Record set:

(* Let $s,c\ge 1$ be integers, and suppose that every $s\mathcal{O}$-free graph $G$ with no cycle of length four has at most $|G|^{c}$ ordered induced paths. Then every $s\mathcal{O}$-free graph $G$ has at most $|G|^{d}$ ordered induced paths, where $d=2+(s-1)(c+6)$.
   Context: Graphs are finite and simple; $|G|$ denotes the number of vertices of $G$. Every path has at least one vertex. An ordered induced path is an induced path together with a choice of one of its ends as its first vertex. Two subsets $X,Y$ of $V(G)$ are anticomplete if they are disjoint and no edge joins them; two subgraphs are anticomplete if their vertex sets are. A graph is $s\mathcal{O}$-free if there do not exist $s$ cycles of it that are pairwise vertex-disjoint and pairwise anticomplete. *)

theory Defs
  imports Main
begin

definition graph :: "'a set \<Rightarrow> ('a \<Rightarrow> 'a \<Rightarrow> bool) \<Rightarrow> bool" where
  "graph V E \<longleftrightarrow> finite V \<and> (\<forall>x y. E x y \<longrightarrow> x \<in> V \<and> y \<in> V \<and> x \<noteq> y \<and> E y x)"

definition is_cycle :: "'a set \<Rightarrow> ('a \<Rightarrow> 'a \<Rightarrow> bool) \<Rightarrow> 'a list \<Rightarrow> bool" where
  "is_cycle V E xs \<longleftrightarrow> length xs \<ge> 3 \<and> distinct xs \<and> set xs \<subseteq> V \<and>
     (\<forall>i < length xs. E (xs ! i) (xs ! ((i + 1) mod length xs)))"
==
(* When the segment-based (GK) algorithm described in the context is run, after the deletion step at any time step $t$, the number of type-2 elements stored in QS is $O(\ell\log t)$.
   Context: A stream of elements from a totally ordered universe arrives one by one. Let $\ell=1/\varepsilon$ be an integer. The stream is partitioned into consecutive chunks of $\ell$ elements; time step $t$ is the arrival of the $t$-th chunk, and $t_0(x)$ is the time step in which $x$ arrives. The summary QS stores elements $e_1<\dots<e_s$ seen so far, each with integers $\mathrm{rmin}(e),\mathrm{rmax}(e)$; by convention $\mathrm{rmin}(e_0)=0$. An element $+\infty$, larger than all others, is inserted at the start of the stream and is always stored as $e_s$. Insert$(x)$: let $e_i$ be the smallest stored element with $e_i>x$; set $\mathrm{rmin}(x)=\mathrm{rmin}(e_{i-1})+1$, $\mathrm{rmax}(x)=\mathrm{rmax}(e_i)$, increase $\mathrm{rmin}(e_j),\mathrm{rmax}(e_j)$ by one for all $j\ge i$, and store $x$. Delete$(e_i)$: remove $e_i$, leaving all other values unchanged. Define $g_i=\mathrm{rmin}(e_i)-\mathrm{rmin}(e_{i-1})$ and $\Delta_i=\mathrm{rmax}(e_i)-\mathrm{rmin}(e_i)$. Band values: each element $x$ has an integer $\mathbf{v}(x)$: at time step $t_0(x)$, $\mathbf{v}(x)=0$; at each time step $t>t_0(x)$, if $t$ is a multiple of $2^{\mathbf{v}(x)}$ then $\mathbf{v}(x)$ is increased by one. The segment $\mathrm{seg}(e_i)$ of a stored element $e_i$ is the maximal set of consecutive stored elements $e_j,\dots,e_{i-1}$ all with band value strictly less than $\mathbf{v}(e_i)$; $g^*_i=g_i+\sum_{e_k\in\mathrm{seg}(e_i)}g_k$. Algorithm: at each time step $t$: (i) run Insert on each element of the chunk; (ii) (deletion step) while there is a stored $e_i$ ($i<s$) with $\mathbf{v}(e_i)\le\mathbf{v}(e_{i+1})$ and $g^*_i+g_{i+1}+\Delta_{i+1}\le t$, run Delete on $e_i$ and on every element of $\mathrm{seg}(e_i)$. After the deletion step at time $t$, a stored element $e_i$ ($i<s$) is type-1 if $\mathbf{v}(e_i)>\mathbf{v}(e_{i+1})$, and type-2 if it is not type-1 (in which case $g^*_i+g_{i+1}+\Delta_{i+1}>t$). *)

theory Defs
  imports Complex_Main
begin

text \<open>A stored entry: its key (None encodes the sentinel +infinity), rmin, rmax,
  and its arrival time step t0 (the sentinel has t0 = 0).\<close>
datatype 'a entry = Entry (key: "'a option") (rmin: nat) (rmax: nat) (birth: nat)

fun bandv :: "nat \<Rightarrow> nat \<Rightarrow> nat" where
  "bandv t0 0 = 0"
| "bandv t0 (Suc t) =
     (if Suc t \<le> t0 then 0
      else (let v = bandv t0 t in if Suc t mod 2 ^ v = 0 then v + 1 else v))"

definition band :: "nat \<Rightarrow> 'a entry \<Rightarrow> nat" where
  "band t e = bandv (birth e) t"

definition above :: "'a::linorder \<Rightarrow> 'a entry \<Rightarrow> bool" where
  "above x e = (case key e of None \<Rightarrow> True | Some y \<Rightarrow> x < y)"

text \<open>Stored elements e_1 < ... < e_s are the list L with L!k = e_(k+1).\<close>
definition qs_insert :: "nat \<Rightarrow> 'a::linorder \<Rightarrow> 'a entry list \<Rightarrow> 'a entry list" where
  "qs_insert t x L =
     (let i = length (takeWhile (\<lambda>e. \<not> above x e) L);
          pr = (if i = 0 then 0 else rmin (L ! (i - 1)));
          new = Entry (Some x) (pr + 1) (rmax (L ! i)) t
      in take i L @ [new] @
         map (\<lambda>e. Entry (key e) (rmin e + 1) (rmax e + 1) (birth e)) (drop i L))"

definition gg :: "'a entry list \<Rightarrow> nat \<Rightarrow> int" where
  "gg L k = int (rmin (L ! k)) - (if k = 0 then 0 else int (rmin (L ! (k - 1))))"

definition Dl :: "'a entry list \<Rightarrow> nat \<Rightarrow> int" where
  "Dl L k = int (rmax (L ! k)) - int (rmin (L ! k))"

Action item: Within the material above, transcribe exactly the lines that run from the line holding "text \<open>A stored" through the line holding "(if Suc t \<le> t0 then 0".

Response:
text \<open>A stored entry: its key (None encodes the sentinel +infinity), rmin, rmax,
  and its arrival time step t0 (the sentinel has t0 = 0).\<close>
datatype 'a entry = Entry (key: "'a option") (rmin: nat) (rmax: nat) (birth: nat)

fun bandv :: "nat \<Rightarrow> nat \<Rightarrow> nat" where
  "bandv t0 0 = 0"
| "bandv t0 (Suc t) =
     (if Suc t \<le> t0 then 0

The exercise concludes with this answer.